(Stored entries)

'''

lemma fix_to_sector_in:
  assumes "group Gam" "q \<in> Sigma (HOMs Gam G) (fixset Gam act Y)"
  shows "fix_to_sector Gam q \<in> sector_points Gam (action_gpd G act Y)"
proof -
  obtain \<psi> y where q: "q = (\<psi>, y)" by fastforce
  show ?thesis using assms(2) unfolding q fix_to_sector_def action_sector_points_iff HOMs_def fixset_def hom_def
    by (auto simp: monoid.m_closed[OF group.is_monoid[OF assms(1)]])
qed

lemma fix_to_sector_to_fix:
  assumes "p \<in> sector_points Gam (action_gpd G act Y)"
  shows "fix_to_sector Gam (sector_to_fix Gam p) = p"
proof -
  obtain y \<phi> where p: "p = (y, \<phi>)" by fastforce
  note pt = assms[unfolded p action_sector_points_iff]
  have "fix_to_sector Gam (sector_to_fix Gam p) = (y, \<lambda>\<gamma>\<in>carrier Gam. (fst (\<phi> \<gamma>), y))"
    unfolding p by (simp add: fix_to_sector_def sector_to_fix_def fun_eq_iff)
  also have "\<dots> = p"
    using pt unfolding p by (force simp: extensional_def fun_eq_iff prod_eq_iff)
  finally show ?thesis .
qed

lemma sector_to_fix_to_sector:
  assumes "q \<in> Sigma (HOMs Gam G) (fixset Gam act Y)"
  shows "sector_to_fix Gam (fix_to_sector Gam q) = q"
proof -
  obtain \<psi> y where q: "q = (\<psi>, y)" by fastforce
  have "\<psi> \<in> extensional (carrier Gam)" using assms q by (auto simp: HOMs_def)
  then show ?thesis unfolding q
    by (auto simp: fix_to_sector_def sector_to_fix_def fun_eq_iff extensional_def)
qed

lemma sector_to_fix_equivariant:
  assumes "p \<in> sector_points Gam (action_gpd G act Y)"
  shows "sector_to_fix Gam (sector_act Gam (action_gpd G act Y) (g, fst p) p)
         = fix_act Gam G act g (sector_to_fix Gam p)"
proof -
  obtain y \<phi> where p: "p = (y, \<phi>)" by fastforce
  have "snd (\<phi> \<gamma>) = y" if "\<gamma> \<in> carrier Gam" for \<gamma>
    using assms that unfolding p action_sector_points_iff by blast
  then show ?thesis unfolding p
    by (auto simp: sector_to_fix_def sector_act_def fix_act_def action_gpd_def split_beta fun_eq_iff)
qed

section \<open>The homeomorphism of object spaces\<close>

lemma continuous_map_fix_coprod_point: "continuous_map (fix_coprod Gam G act Y) Y snd"
  unfolding fix_coprod_def
  by (rule continuous_map_from_sum_topology)
     (simp add: continuous_map_from_subtopology[OF continuous_map_id, unfolded id_def])

lemma continuous_map_fix_to_sector:
  assumes "group Gam"
  shows "continuous_map (fix_coprod Gam G act Y) (sector_top Gam (action_gpd G act Y)) (fix_to_sector Gam)"
  unfolding sector_top_def
proof (rule continuous_map_pullback')
  show "topspace (fix_coprod Gam G act Y) \<subseteq> fix_to_sector Gam -` sector_points Gam (action_gpd G act Y)"
    using fix_to_sector_in[OF assms, of _ G act Y] by (auto simp: topspace_fix_coprod)
  note point = continuous_map_fix_coprod_point[of Gam G act Y]
  have eval: "continuous_map (fix_coprod Gam G act Y) (discrete_topology (carrier G)) (\<lambda>q. fst q \<gamma>)"
    if "\<gamma> \<in> carrier Gam" for \<gamma>
    unfolding fix_coprod_def
    by (intro continuous_map_from_sum_topology) (use that in \<open>auto simp: HOMs_def hom_def\<close>)
  have "continuous_map (fix_coprod Gam G act Y)
          (product_topology (\<lambda>_. prod_topology (discrete_topology (carrier G)) Y) (carrier Gam))
          (\<lambda>q. \<lambda>\<gamma>\<in>carrier Gam. (fst q \<gamma>, snd q))"
    unfolding continuous_map_componentwise
    using point eval by (auto intro: continuous_map_pairedI)
  then show "continuous_map (fix_coprod Gam G act Y)
      (prod_topology (tg_obj (action_gpd G act Y)) (product_topology (\<lambda>_. tg_arr (action_gpd G act Y)) (carrier Gam)))
      ((\<lambda>(x,\<phi>). (x, \<lambda>\<gamma>\<in>carrier Gam. \<phi> \<gamma>)) \<circ> fix_to_sector Gam)"
    using point by (simp add: action_gpd_def fix_to_sector_def o_def continuous_map_pairedI)
qed

text \<open>The key use of finite generation: the set of sectors whose homomorphism is a given
  \<psi> is cut out by finitely many conditions \<phi>(s) \<in> {\<psi> s} \<times> Y on generators s, each open
  because G is discrete.\<close>

lemma sector_hom_fibre_open:
  assumes Gam: "group Gam" and G: "group G"
    and gen: "finite S" "S \<subseteq> carrier Gam" "generate Gam S = carrier Gam"
    and \<psi>: "\<psi> \<in> HOMs Gam G"
  shows "openin (sector_top Gam (action_gpd G act Y))
           {p \<in> topspace (sector_top Gam (action_gpd G act Y)). fst (sector_to_fix Gam p) = \<psi>}"
proof -
  let ?T = "sector_top Gam (action_gpd G act Y)"
  define C where "C s = {p \<in> topspace ?T. snd p s \<in> {\<psi> s} \<times> topspace Y}" for s
  have C_open: "openin ?T (C s)" if s: "s \<in> S" for s
  proof -
    have "\<psi> s \<in> carrier G" using \<psi> s gen(2) by (auto simp: HOMs_def hom_def)
    then have "openin (tg_arr (action_gpd G act Y)) ({\<psi> s} \<times> topspace Y)"
      by (simp add: action_gpd_def openin_prod_Times_iff)
    then show ?thesis unfolding C_def
      using s gen(2) by (intro openin_continuous_map_preimage[OF continuous_map_sector_eval]) auto
  qed
  have "{p \<in> topspace ?T. fst (sector_to_fix Gam p) = \<psi>} = topspace ?T \<inter> \<Inter> (C ` S)"
  proof (intro equalityI subsetI)
    fix p assume "p \<in> {p \<in> topspace ?T. fst (sector_to_fix Gam p) = \<psi>}"
    moreover obtain y \<phi> where "p = (y, \<phi>)" by fastforce
    ultimately show "p \<in> topspace ?T \<inter> \<Inter> (C ` S)"
      using gen(2) by (auto simp: C_def topspace_sector_top action_sector_points_iff sector_to_fix_def mem_Times_iff)
  next
    fix p assume p: "p \<in> topspace ?T \<inter> \<Inter> (C ` S)"
    then have "p \<in> sector_points Gam (action_gpd G act Y)" by (simp add: topspace_sector_top)
    then have hom: "fst (sector_to_fix Gam p) \<in> HOMs Gam G"
      using sector_to_fix_in[OF Gam] by (metis mem_Sigma_iff prod.collapse)
    have "fst (sector_to_fix Gam p) \<gamma> = \<psi> \<gamma>" if "\<gamma> \<in> carrier Gam" for \<gamma>
    proof (rule hom_eq_on_generate[OF Gam G _ _ gen(2)])
      show "\<forall>s\<in>S. fst (sector_to_fix Gam p) s = \<psi> s"
        using p gen(2) by (auto simp: C_def sector_to_fix_def)
    qed (use hom \<psi> that gen(3) in \<open>auto simp: HOMs_def\<close>)
    then have "fst (sector_to_fix Gam p) = \<psi>"
      using hom \<psi> unfolding HOMs_def by (intro extensionalityI[of _ "carrier Gam"]) auto
    then show "p \<in> {p \<in> topspace ?T. fst (sector_to_fix Gam p) = \<psi>}" using p by simp
  qed
  then show ?thesis using gen(1) C_open by (auto intro!: openin_Int_Inter)
qed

'''

▶ Required work: Of the entries listed above, reproduce only the lines starting at the line containing "by (auto simp: sector_to_fix_def" and ending at the line containing "by (rule continuous_map_from_sum_topology)". Include both, exactly as they stand.

▶ Response:
    by (auto simp: sector_to_fix_def sector_act_def fix_act_def action_gpd_def split_beta fun_eq_iff)
qed

section \<open>The homeomorphism of object spaces\<close>

lemma continuous_map_fix_coprod_point: "continuous_map (fix_coprod Gam G act Y) Y snd"
  unfolding fix_coprod_def
  by (rule continuous_map_from_sum_topology)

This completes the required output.